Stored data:
================
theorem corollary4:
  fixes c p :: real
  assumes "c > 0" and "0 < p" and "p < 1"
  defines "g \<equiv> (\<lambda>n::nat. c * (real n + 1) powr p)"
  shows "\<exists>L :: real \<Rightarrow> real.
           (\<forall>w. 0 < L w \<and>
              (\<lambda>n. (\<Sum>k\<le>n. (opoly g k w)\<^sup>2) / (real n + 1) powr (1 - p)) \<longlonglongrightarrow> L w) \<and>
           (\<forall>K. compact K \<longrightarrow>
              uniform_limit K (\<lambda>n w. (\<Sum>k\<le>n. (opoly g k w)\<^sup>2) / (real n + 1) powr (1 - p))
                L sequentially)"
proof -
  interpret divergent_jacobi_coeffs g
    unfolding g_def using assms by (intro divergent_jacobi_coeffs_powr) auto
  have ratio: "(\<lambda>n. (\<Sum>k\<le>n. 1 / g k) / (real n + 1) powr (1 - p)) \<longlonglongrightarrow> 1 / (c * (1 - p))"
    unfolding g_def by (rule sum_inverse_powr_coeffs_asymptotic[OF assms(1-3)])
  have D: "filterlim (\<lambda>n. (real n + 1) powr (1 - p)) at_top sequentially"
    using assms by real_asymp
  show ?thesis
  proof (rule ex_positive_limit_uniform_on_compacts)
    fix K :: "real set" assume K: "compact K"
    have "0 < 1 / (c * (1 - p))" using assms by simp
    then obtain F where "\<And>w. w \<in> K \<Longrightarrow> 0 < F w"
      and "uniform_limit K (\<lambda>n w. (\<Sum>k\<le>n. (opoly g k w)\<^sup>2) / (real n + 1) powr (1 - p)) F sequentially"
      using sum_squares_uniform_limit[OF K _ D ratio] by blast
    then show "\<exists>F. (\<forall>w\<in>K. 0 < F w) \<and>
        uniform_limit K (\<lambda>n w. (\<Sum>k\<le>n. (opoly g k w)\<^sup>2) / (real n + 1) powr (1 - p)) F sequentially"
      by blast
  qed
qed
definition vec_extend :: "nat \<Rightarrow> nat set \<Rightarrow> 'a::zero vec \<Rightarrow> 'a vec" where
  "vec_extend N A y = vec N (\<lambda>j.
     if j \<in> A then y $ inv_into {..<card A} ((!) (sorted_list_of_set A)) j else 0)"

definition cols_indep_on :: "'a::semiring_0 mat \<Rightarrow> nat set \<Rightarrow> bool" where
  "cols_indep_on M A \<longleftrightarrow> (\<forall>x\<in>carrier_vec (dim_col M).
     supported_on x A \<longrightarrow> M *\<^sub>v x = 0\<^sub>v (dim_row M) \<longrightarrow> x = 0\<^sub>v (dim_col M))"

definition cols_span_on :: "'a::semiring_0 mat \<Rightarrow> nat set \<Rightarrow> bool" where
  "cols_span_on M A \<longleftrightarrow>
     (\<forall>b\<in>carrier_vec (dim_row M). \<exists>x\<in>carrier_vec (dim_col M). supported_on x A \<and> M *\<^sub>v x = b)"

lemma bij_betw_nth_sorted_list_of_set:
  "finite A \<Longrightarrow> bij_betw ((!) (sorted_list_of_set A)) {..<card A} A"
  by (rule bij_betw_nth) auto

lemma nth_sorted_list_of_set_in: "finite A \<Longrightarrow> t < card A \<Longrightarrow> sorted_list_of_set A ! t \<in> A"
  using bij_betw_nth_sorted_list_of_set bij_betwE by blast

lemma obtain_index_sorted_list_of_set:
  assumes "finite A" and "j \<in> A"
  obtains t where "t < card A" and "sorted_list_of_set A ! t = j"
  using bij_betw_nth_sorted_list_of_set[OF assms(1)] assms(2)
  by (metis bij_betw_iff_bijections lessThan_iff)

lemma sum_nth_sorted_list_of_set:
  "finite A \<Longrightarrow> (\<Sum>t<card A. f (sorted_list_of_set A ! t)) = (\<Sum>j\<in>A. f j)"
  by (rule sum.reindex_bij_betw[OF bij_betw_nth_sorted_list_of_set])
================
WHAT YOU HAVE TO DO – Extract exactly and only the lines above from the line containing "real \<Rightarrow> real." through the line containing "assms by simp", both end lines included.

SOLUTION –
  shows "\<exists>L :: real \<Rightarrow> real.
           (\<forall>w. 0 < L w \<and>
              (\<lambda>n. (\<Sum>k\<le>n. (opoly g k w)\<^sup>2) / (real n + 1) powr (1 - p)) \<longlonglongrightarrow> L w) \<and>
           (\<forall>K. compact K \<longrightarrow>
              uniform_limit K (\<lambda>n w. (\<Sum>k\<le>n. (opoly g k w)\<^sup>2) / (real n + 1) powr (1 - p))
                L sequentially)"
proof -
  interpret divergent_jacobi_coeffs g
    unfolding g_def using assms by (intro divergent_jacobi_coeffs_powr) auto
  have ratio: "(\<lambda>n. (\<Sum>k\<le>n. 1 / g k) / (real n + 1) powr (1 - p)) \<longlonglongrightarrow> 1 / (c * (1 - p))"
    unfolding g_def by (rule sum_inverse_powr_coeffs_asymptotic[OF assms(1-3)])
  have D: "filterlim (\<lambda>n. (real n + 1) powr (1 - p)) at_top sequentially"
    using assms by real_asymp
  show ?thesis
  proof (rule ex_positive_limit_uniform_on_compacts)
    fix K :: "real set" assume K: "compact K"
    have "0 < 1 / (c * (1 - p))" using assms by simp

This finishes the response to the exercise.